Table 3 illustrates how the same password can be used by `login' for
authenticating to the standard UNIX login, Kerberos and RSA services.
Once the user has been authenticated to the primary authentication
service (UNIX `login' in this example) with the primary password, the
option `use_mapped_pass' indicates to the Kerberos module that it
should use the primary password to decrypt the stored Kerberos
password and then use the Kerberos password to get the ticket for the
ticket-granting-service. After that succeeds, the option
`use_first_pass' indicates to the RSA module that instead of
prompting the user for a password, it should use the primary password
typed earlier for authenticating the user. Note that in this
scenario, the user has to enter the password just once.

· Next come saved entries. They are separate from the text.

(* Every feasible decision selects at most cap = B / cmin clients per edge server, so the
   regret of a single round is at most cap.  A round is charged fully if it explores (selects an
   under-explored pair) or if it is bad (for some explored pair the observed participations in the
   current cell deviate from the sum of their means by more than t^(-z/2) per observation).
   Every exploration round increments a counter C_{n,m}(l) that is still at most K(T), so there are
   at most N M h^2 (K(T) + 1) of them.  An exponential supermartingale built from Hoeffding's lemma
   for Bernoulli variables and Markov's inequality shows that round t is bad with probability at
   most 2 N M / t^2, which sums to at most N M pi^2 / 3.  In all other rounds every estimate that
   matters is within t^(-z/2) + L (sqrt 2 / h)^alpha of the true participation probability
   (Hoelder continuity on a cell of diameter sqrt 2 / h), so maximizing the estimated utility loses
   at most 2 cap times this error; summing over t gives the T^((2 alpha + 2)/(3 alpha + 2)) terms. *)

lemma bernoulli_mgf_le_hoeffding:
  fixes q lam :: real
  assumes q: "0 \<le> q" "q \<le> 1"
  shows "q * exp (lam * (1 - q)) + (1 - q) * exp (- lam * q) \<le> exp (lam\<^sup>2 / 8)"
proof (cases "lam \<ge> 0")
  case True
  have pos: "1 + q * (exp lam - 1) > 0"
    using q True by (intro add_pos_nonneg mult_nonneg_nonneg) auto
  have "q * exp (lam * (1 - q)) + (1 - q) * exp (- lam * q) = exp (- lam * q) * (1 + q * (exp lam - 1))"
    by (simp add: algebra_simps flip: exp_add)
  also have "\<dots> = exp (- lam * q + ln (1 + q * (exp lam - 1)))"
    by (simp only: exp_add exp_ln[OF pos])
  also have "\<dots> \<le> exp (lam\<^sup>2 / 8)"
    using Hoeffdings_lemma_aux[of lam q] True q by simp
  finally show ?thesis .
next
  case False
  define k where "k = - lam"
  have k: "k \<ge> 0" using False k_def by simp
  have pos: "1 + (1 - q) * (exp k - 1) > 0"
    using q k by (intro add_pos_nonneg mult_nonneg_nonneg) auto
  have "q * exp (lam * (1 - q)) + (1 - q) * exp (- lam * q)
        = exp (- k * (1 - q)) * (1 + (1 - q) * (exp k - 1))"
    by (simp add: k_def algebra_simps flip: exp_add)
  also have "\<dots> = exp (- k * (1 - q) + ln (1 + (1 - q) * (exp k - 1)))"
    by (simp only: exp_add exp_ln[OF pos])
  also have "\<dots> \<le> exp (k\<^sup>2 / 8)"
    using Hoeffdings_lemma_aux[of k "1 - q"] k q by simp
  finally show ?thesis by (simp add: k_def)
qed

Note that if a one-time password scheme (e.g., S/Key) is used,
password mapping cannot apply.
7.3. Implications of Stacking on the PAM Design
Because of the stacking capability of PAM, we have designed the PAM
API's to not return any data to the application, except status. If
this were not the case, it would be difficult for the PAM framework
to decide which module should return data to the application. When
there is any error, the application does not know which of the
modules failed. This behavior enables (even requires) the
application to be completely independent from the modules.
Another design decision we have made is that PAM gives only the user
name to all the underlying PAM modules, hence it is the
responsibility of the PAM modules to convert the name to their own
internal format. For example, the Kerberos module may have to
convert the UNIX user name to a Kerberos principal name.
Stacking also forces the modules to be designed such that they can
occur anywhere in the stack without any side-effects.
Since modules such as the authentication and the password module are
very closely related, it is important they be configured in the same
order and with compatible options.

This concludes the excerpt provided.